CEO and Founder of /Slash

“Alex Iskold, the Techstars NYC Program managing director, told us ‘Do less, faster.’ It is not about doing more things, it’s about doing less but doing them well – this advice has helped me a lot, personally and with my company.”

Romain Lapeyre

Image credit: Romain Lapeyre

CEO of Gorgias

“Get your customers engaged with your product as soon as possible. This will trim a lot of your false assumptions. Then focus on growth.”

Kevin O’Brien

Image credit: Kevin O’Brien

CEO and Co-Founder of GreatHorn

“The single best piece of advice I’ve ever received, especially as an entrepreneur is to do more faster. Time is your primary opposition when you’re building something new, as it aids the incumbent companies, products, and markets which you’re seeking to disrupt. Conversely, traction and adoption are evidence of both your ability to execute as well as validation that there are real people who will pay for what you’re building.
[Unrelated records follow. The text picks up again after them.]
(* Let $0<\beta\le1$ and let $x$ be real with $0\le\frac{(1+\beta)^2x}{4\beta}<1$. Then $$\lim_{t\to\infty}{}_3F_2\!\left(\begin{matrix}1,\ t\frac{1+\beta}{2}+1,\ t\frac{1+\beta}{2}+\frac12\\ t+1,\ t\beta+1\end{matrix};x\right)=\frac{1}{1-\frac{(1+\beta)^2x}{4\beta}},$$ uniformly on compact subsets of this region.
   Context: ${}_3F_2\!\left(\begin{matrix}a,b,c\\ d,e\end{matrix};x\right)=\sum_{n\ge0}\frac{(a)_n(b)_n(c)_n}{(d)_n(e)_n}\frac{x^n}{n!}$ for $|x|<1$, with $(q)_0=1$, $(q)_n=q(q+1)\cdots(q+n-1)$; $t>0$ is a real parameter tending to $\infty$. *)

theory Defs
  imports "HOL-Analysis.Analysis"
begin

text \<open>Generalized hypergeometric series 3F2 (real parameters, real argument),
  defined as the sum of the series; meaningful for |x| < 1.\<close>
definition hyp3F2 :: "real \<Rightarrow> real \<Rightarrow> real \<Rightarrow> real \<Rightarrow> real \<Rightarrow> real \<Rightarrow> real" where
  "hyp3F2 a b c d e x =
     (\<Sum>n. (pochhammer a n * pochhammer b n * pochhammer c n)
           / (pochhammer d n * pochhammer e n) * x ^ n / fact n)"

end

theory Submission
  imports Defs "HOL-Real_Asymp.Real_Asymp"
begin

text \<open>With first parameter 1 the factorial cancels, and the \<open>n\<close>-th coefficient becomes a product
  of \<open>n\<close> ratios \<open>coeff_ratio \<beta> t k\<close>. For \<open>t \<ge> 0\<close> each ratio lies in \<open>[0, R]\<close> with
  \<open>R = (1+\<beta>)\<^sup>2/(4\<beta>) \<ge> 1\<close>, and it tends to \<open>R\<close> as \<open>t \<rightarrow> \<infinity>\<close>. On \<open>|x| \<le> r\<close> with \<open>R r < 1\<close> the
  series is therefore dominated, uniformly in \<open>t\<close>, by the geometric series \<open>\<Sum> (R r)\<^sup>n\<close>, and
  Tannery's theorem gives uniform convergence to \<open>\<Sum> (R x)\<^sup>n = 1/(1 - R x)\<close>.\<close>

lemma pochhammer_quotient_eq_prod:
  fixes a b c d :: "'a::field"
  shows "pochhammer a n * pochhammer b n / (pochhammer c n * pochhammer d n) =
    (\<Prod>k<n. (a + of_nat k) * (b + of_nat k) / ((c + of_nat k) * (d + of_nat k)))"
  by (simp add: pochhammer_prod prod_dividef prod.distrib atLeast0LessThan)

lemma hyp3F2_one_left:
  "hyp3F2 1 b c d e x =
     (\<Sum>n. pochhammer b n * pochhammer c n / (pochhammer d n * pochhammer e n) * x ^ n)"
  unfolding hyp3F2_def pochhammer_fact[symmetric] by (simp add: mult.assoc)

lemma norm_diff_mult_le:
  fixes u v :: "'a::real_normed_vector"
  assumes "norm u \<le> C" "norm v \<le> C" "0 \<le> s"
  shows "norm (u - v) * s \<le> 2 * (C * s)"
proof -
  have "norm (u - v) \<le> 2 * C"
    using norm_triangle_ineq4[of u v] assms(1,2) by linarith
  from mult_right_mono[OF this assms(3)] show ?thesis
    by (simp add: mult.assoc)
qed

lemma norm_suminf_power_diff_le:
  fixes c a :: "nat \<Rightarrow> 'a::{real_normed_field,banach}"
  assumes c: "\<And>n. norm (c n) \<le> C n" and a: "\<And>n. norm (a n) \<le> C n"
    and C_summable: "summable (\<lambda>n. C n * r ^ n)" and x: "norm x \<le> r"
  shows "norm ((\<Sum>n. c n * x ^ n) - (\<Sum>n. a n * x ^ n)) \<le> (\<Sum>n. norm (c n - a n) * r ^ n)"
proof -
  have r: "0 \<le> r" using x norm_ge_zero order_trans by blast
  have xn: "norm (x ^ n) \<le> r ^ n" for n
    by (simp add: norm_power power_mono x)
  have summable_dominated: "summable (\<lambda>n. b n * x ^ n)" if "\<And>n. norm (b n) \<le> C n" for b
    by (rule summable_comparison_test[OF _ C_summable])
       (auto simp: norm_mult intro!: exI mult_mono that xn order_trans[OF norm_ge_zero that])
  have diff_le: "norm ((c n - a n) * x ^ n) \<le> norm (c n - a n) * r ^ n" for n
    by (simp add: norm_mult mult_left_mono xn)
  have diff_summable: "summable (\<lambda>n. norm (c n - a n) * r ^ n)"
  proof (rule summable_comparison_test[OF _ summable_mult[OF C_summable, of 2]])
    show "\<exists>N. \<forall>n\<ge>N. norm (norm (c n - a n) * r ^ n) \<le> 2 * (C n * r ^ n)"
      using norm_diff_mult_le[OF c a zero_le_power[OF r]] r by auto
  qed
  have "(\<Sum>n. c n * x ^ n) - (\<Sum>n. a n * x ^ n) = (\<Sum>n. (c n - a n) * x ^ n)"
    using suminf_diff[OF summable_dominated[OF c] summable_dominated[OF a]]
    by (simp add: algebra_simps)
  also have "norm \<dots> \<le> (\<Sum>n. norm (c n - a n) * r ^ n)"
    by (rule norm_suminf_le[OF diff_le diff_summable])
  finally show ?thesis .
qed

lemma uniform_limit_power_series_dominated:
  fixes c :: "'b \<Rightarrow> nat \<Rightarrow> 'a::{real_normed_field,banach}"
  assumes lim: "\<And>n. ((\<lambda>t. c t n) \<longlongrightarrow> a n) F"
    and bound: "eventually (\<lambda>t. \<forall>n. norm (c t n) \<le> C n) F"
    and C_summable: "summable (\<lambda>n. C n * r ^ n)" and r: "0 \<le> r"
  shows "uniform_limit (cball 0 r) (\<lambda>t x. \<Sum>n. c t n * x ^ n) (\<lambda>x. \<Sum>n. a n * x ^ n) F"
proof (cases "F = bot")
  case True
  then show ?thesis by (simp add: uniform_limit_iff)
next
  case False
  have a_bound: "norm (a n) \<le> C n" for n
    by (rule tendsto_upperbound[OF tendsto_norm[OF lim] _ False])
       (use bound in \<open>auto elim: eventually_mono\<close>)
  have "((\<lambda>t. \<Sum>n. norm (c t n - a n) * r ^ n) \<longlongrightarrow> (\<Sum>n. 0)) F"
  proof (rule tannerys_theorem[THEN conjunct2, THEN conjunct2])
    show "((\<lambda>t. norm (c t n - a n) * r ^ n) \<longlongrightarrow> 0) F" for n
    proof -
      have "((\<lambda>t. norm (c t n - a n) * r ^ n) \<longlongrightarrow> norm (a n - a n) * r ^ n) F"
        by (intro tendsto_intros lim)
      then show ?thesis by simp
    qed
    show "summable (\<lambda>n. 2 * (C n * r ^ n))"
      using C_summable by (rule summable_mult)
    show "eventually (\<lambda>(n, t). norm (norm (c t n - a n) * r ^ n) \<le> 2 * (C n * r ^ n))
            (at_top \<times>\<^sub>F F)"
      using eventually_prodI[OF eventually_True bound]
      by (rule eventually_mono) (auto intro: norm_diff_mult_le simp: r a_bound)
  qed (fact False)
  then have "uniform_limit (cball 0 r) (\<lambda>t _. \<Sum>n. norm (c t n - a n) * r ^ n) (\<lambda>_. 0) F"
    by (auto simp: uniform_limit_iff tendsto_iff)
  then show ?thesis
  proof (rule metric_uniform_limit_imp_uniform_limit)
    show "eventually (\<lambda>t. \<forall>x\<in>cball 0 r. dist (\<Sum>n. c t n * x ^ n) (\<Sum>n. a n * x ^ n)
            \<le> dist (\<Sum>n. norm (c t n - a n) * r ^ n) 0) F"
      using bound
    proof eventually_elim
      case (elim t)
      show ?case
      proof
        fix x :: 'a assume "x \<in> cball 0 r"
        then have "norm x \<le> r" by simp
        from norm_suminf_power_diff_le[of "c t" C a, OF _ a_bound C_summable this] elim
        show "dist (\<Sum>n. c t n * x ^ n) (\<Sum>n. a n * x ^ n) \<le> dist (\<Sum>n. norm (c t n - a n) * r ^ n) 0"
          by (simp add: dist_norm)
      qed
    qed
  qed
qed

definition coeff_ratio :: "real \<Rightarrow> real \<Rightarrow> nat \<Rightarrow> real" where
  "coeff_ratio \<beta> t k = (t*(1+\<beta>)/2 + 1 + k) * (t*(1+\<beta>)/2 + 1/2 + k) / ((t + 1 + k) * (t*\<beta> + 1 + k))"

lemma hyp3F2_eq_suminf_prod_coeff_ratio:
  "hyp3F2 1 (t*(1+\<beta>)/2 + 1) (t*(1+\<beta>)/2 + 1/2) (t + 1) (t*\<beta> + 1) x =
     (\<Sum>n. (\<Prod>k<n. coeff_ratio \<beta> t k) * x ^ n)"
  unfolding hyp3F2_one_left pochhammer_quotient_eq_prod coeff_ratio_def ..

lemma coeff_ratio_nonneg:
  assumes "0 < \<beta>" "0 \<le> t"
  shows "0 \<le> coeff_ratio \<beta> t k"
  using assms unfolding coeff_ratio_def by (simp add: add_nonneg_nonneg)

lemma coeff_ratio_le:
  assumes \<beta>: "0 < \<beta>" and t: "0 \<le> t"
  shows "coeff_ratio \<beta> t k \<le> (1+\<beta>)^2 / (4*\<beta>)"
proof -
  define R where "R = (1+\<beta>)^2 / (4*\<beta>)"
  define s where "s = t*(1+\<beta>)/2"
  define m where "m = 1 + real k"
  have "(1+\<beta>)^2 = 4*\<beta> + (1-\<beta>)^2"
    by (simp add: power2_eq_square algebra_simps)
  then have "4*\<beta> \<le> (1+\<beta>)^2"
    by simp
  then have R_ge_1: "1 \<le> R"
    unfolding R_def using \<beta> by simp
  have s: "0 \<le> s" and m: "1 \<le> m"
    unfolding s_def m_def using \<beta> t by auto
  have "(s + m) * (s + m - 1/2) \<le> (s + m)^2"
    using s m by (simp add: power2_eq_square mult_left_mono)
  also have "\<dots> = s^2 + t*m*(1+\<beta>) + m^2"
    unfolding s_def by (simp add: power2_eq_square field_simps)
  also have "\<dots> \<le> s^2 + R*(t*m*(1+\<beta>)) + R*m^2"
  proof -
    have "1 * (t*m*(1+\<beta>)) \<le> R*(t*m*(1+\<beta>))"
      using \<beta> t m by (intro mult_right_mono[OF R_ge_1]) simp
    moreover have "1 * m^2 \<le> R*m^2"
      by (intro mult_right_mono[OF R_ge_1]) simp
    ultimately show ?thesis
      by linarith
  qed
  also have "\<dots> = R * ((t + m) * (t*\<beta> + m))"
    unfolding R_def s_def using \<beta> by (simp add: power2_eq_square field_simps)
  finally have "(s + m) * (s + m - 1/2) \<le> R * ((t + m) * (t*\<beta> + m))" .
  moreover have "0 < (t + m) * (t*\<beta> + m)"
    using \<beta> t m by (intro mult_pos_pos) (simp_all add: add_nonneg_pos)
  ultimately show ?thesis
    unfolding coeff_ratio_def R_def[symmetric]
    by (simp add: pos_divide_le_eq s_def m_def algebra_simps)
qed

lemma tendsto_coeff_ratio:
  assumes "0 < \<beta>"
  shows "((\<lambda>t. coeff_ratio \<beta> t k) \<longlongrightarrow> (1+\<beta>)^2 / (4*\<beta>)) at_top"
proof -
  have "((\<lambda>t. coeff_ratio \<beta> t k) \<longlongrightarrow> (1+\<beta>) * (1+\<beta>) * inverse \<beta> / 4) at_top"
    using assms unfolding coeff_ratio_def by real_asymp
  then show ?thesis
    by (simp add: power2_eq_square field_simps)
qed

lemma hyp3F2_uniform_limit_cball:
  fixes \<beta> r :: real
  assumes \<beta>: "0 < \<beta>" and r: "0 \<le> r" "(1+\<beta>)^2 * r / (4*\<beta>) < 1"
  shows "uniform_limit (cball 0 r)
           (\<lambda>t x. hyp3F2 1 (t*(1+\<beta>)/2 + 1) (t*(1+\<beta>)/2 + 1/2) (t + 1) (t*\<beta> + 1) x)
           (\<lambda>x. 1 / (1 - (1+\<beta>)^2 * x / (4*\<beta>))) at_top"
proof -
  define R where "R = (1+\<beta>)^2 / (4*\<beta>)"
  have R: "0 \<le> R" "R * r < 1"
    using \<beta> r unfolding R_def by simp_all
  have lim: "((\<lambda>t. \<Prod>k<n. coeff_ratio \<beta> t k) \<longlongrightarrow> R ^ n) at_top" for n
    using tendsto_prod[of "{..<n}", OF tendsto_coeff_ratio[OF \<beta>]] unfolding R_def by simp
  have bound: "eventually (\<lambda>t. \<forall>n. norm (\<Prod>k<n. coeff_ratio \<beta> t k) \<le> R ^ n) at_top"
    using eventually_ge_at_top[of 0]
  proof eventually_elim
    case (elim t)
    have "0 \<le> coeff_ratio \<beta> t k" "coeff_ratio \<beta> t k \<le> R" for k
      using coeff_ratio_nonneg[OF \<beta> elim] coeff_ratio_le[OF \<beta> elim] unfolding R_def by auto
    then show ?case
      using prod_mono[of "{..<n}" "coeff_ratio \<beta> t" "\<lambda>_. R" for n]
      by (simp add: prod_nonneg abs_of_nonneg)
  qed
  have "summable (\<lambda>n. R ^ n * r ^ n)"
    using R r by (simp add: power_mult_distrib[symmetric] summable_geometric)
  from uniform_limit_power_series_dominated[OF lim bound this r(1)]
  have conv: "uniform_limit (cball 0 r) (\<lambda>t x. \<Sum>n. (\<Prod>k<n. coeff_ratio \<beta> t k) * x ^ n)
          (\<lambda>x. \<Sum>n. R ^ n * x ^ n) at_top" .
  have geometric: "(\<Sum>n. R ^ n * x ^ n) = 1 / (1 - (1+\<beta>)^2 * x / (4*\<beta>))" if "x \<in> cball 0 r" for x
  proof -
    have "\<bar>R * x\<bar> < 1"
      using that R mult_left_mono[of "\<bar>x\<bar>" r R] by (simp add: abs_mult)
    then have "(\<Sum>n. R ^ n * x ^ n) = 1 / (1 - R * x)"
      using suminf_geometric[of "R * x"] by (simp add: power_mult_distrib)
    also have "R * x = (1+\<beta>)^2 * x / (4*\<beta>)"
      unfolding R_def by simp
    finally show ?thesis .
  qed
  show ?thesis
    unfolding hyp3F2_eq_suminf_prod_coeff_ratio using conv
    by (rule uniform_limit_cong'[THEN iffD1, rotated 2]) (simp_all add: geometric)
qed

lemma hyp3F2_uniform_limit_compact:
  fixes \<beta> :: real
  assumes \<beta>: "0 < \<beta>" and K: "compact K"
    "K \<subseteq> {x. 0 \<le> (1+\<beta>)^2 * x / (4*\<beta>) \<and> (1+\<beta>)^2 * x / (4*\<beta>) < 1}"
  shows "uniform_limit K
           (\<lambda>t x. hyp3F2 1 (t*(1+\<beta>)/2 + 1) (t*(1+\<beta>)/2 + 1/2) (t + 1) (t*\<beta> + 1) x)
           (\<lambda>x. 1 / (1 - (1+\<beta>)^2 * x / (4*\<beta>))) at_top"
proof (cases "K = {}")
  case False
  obtain r where r: "r \<in> K" "\<And>x. x \<in> K \<Longrightarrow> x \<le> r"
    using compact_attains_sup[OF K(1) False] by blast
  have nonneg: "0 \<le> x" if "x \<in> K" for x
  proof -
    have "0 \<le> (1+\<beta>)^2 * x / (4*\<beta>)"
      using K(2) that by auto
    moreover have "0 < (1+\<beta>)^2" "0 < 4*\<beta>"
      using \<beta> by (simp_all add: add_pos_nonneg)
    ultimately show ?thesis
      by (simp add: zero_le_divide_iff zero_le_mult_iff)
  qed
  have "K \<subseteq> cball 0 r"
    using nonneg r(2) by (auto simp: dist_real_def)
  moreover have "0 \<le> r" "(1+\<beta>)^2 * r / (4*\<beta>) < 1"
    using r(1) K(2) nonneg by auto
  ultimately show ?thesis
    using uniform_limit_on_subset[OF hyp3F2_uniform_limit_cball[OF \<beta>]] by blast
qed simp

theorem corollary1:
  fixes \<beta> :: real
  assumes "0 < \<beta>" and "\<beta> \<le> 1"
  shows "(\<forall>x::real. 0 \<le> (1+\<beta>)^2 * x / (4*\<beta>) \<and> (1+\<beta>)^2 * x / (4*\<beta>) < 1 \<longrightarrow>
           ((\<lambda>t. hyp3F2 1 (t*(1+\<beta>)/2 + 1) (t*(1+\<beta>)/2 + 1/2) (t + 1) (t*\<beta> + 1) x)
              \<longlongrightarrow> 1 / (1 - (1+\<beta>)^2 * x / (4*\<beta>))) at_top) \<and>
         (\<forall>K::real set. compact K \<and>
           K \<subseteq> {x. 0 \<le> (1+\<beta>)^2 * x / (4*\<beta>) \<and> (1+\<beta>)^2 * x / (4*\<beta>) < 1} \<longrightarrow>
           uniform_limit K
             (\<lambda>t x. hyp3F2 1 (t*(1+\<beta>)/2 + 1) (t*(1+\<beta>)/2 + 1/2) (t + 1) (t*\<beta> + 1) x)
             (\<lambda>x. 1 / (1 - (1+\<beta>)^2 * x / (4*\<beta>))) at_top)"
proof (intro conjI allI impI)
  fix x :: real
  assume "0 \<le> (1+\<beta>)^2 * x / (4*\<beta>) \<and> (1+\<beta>)^2 * x / (4*\<beta>) < 1"
  then show "((\<lambda>t. hyp3F2 1 (t*(1+\<beta>)/2 + 1) (t*(1+\<beta>)/2 + 1/2) (t + 1) (t*\<beta> + 1) x)
              \<longlongrightarrow> 1 / (1 - (1+\<beta>)^2 * x / (4*\<beta>))) at_top"
    using hyp3F2_uniform_limit_compact[OF assms(1), of "{x}"] by simp
qed (use hyp3F2_uniform_limit_compact[OF assms(1)] in blast)

end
Get something built, get it out to market, and learn — fast.”

Susannah Vila

Image credit: Yuxi Liu

Co-Founder & CEO of Flip

“I started working on my company in Steve Blank’s “Lean Launchpad” workshop, where I learned that it takes 10 times as much effort as you initially imagine to get the right amount of data on your customers. Anyone working on a startup should devote an hour a day to interviews for a few months, and spend the rest of their day describing their product to friends and acquaintances.”

Rahul Sidhu

Image credit: Akira Shimoda

CEO & Co-Founder of SPIDR Technologies

“Before we started this company and got into Techstars, I was meeting with several police departments around the country doing market research for several months. During that time, I met Skot Carruth, UX genius and product wizard. He told me that perfect product-market fit is about falling in love with a problem, not a solution. If you fall in love with a problem, the solution will eventually find you. If you fall in love with the solution, then you’ll never allow yourself to evolve and adapt when you need to.”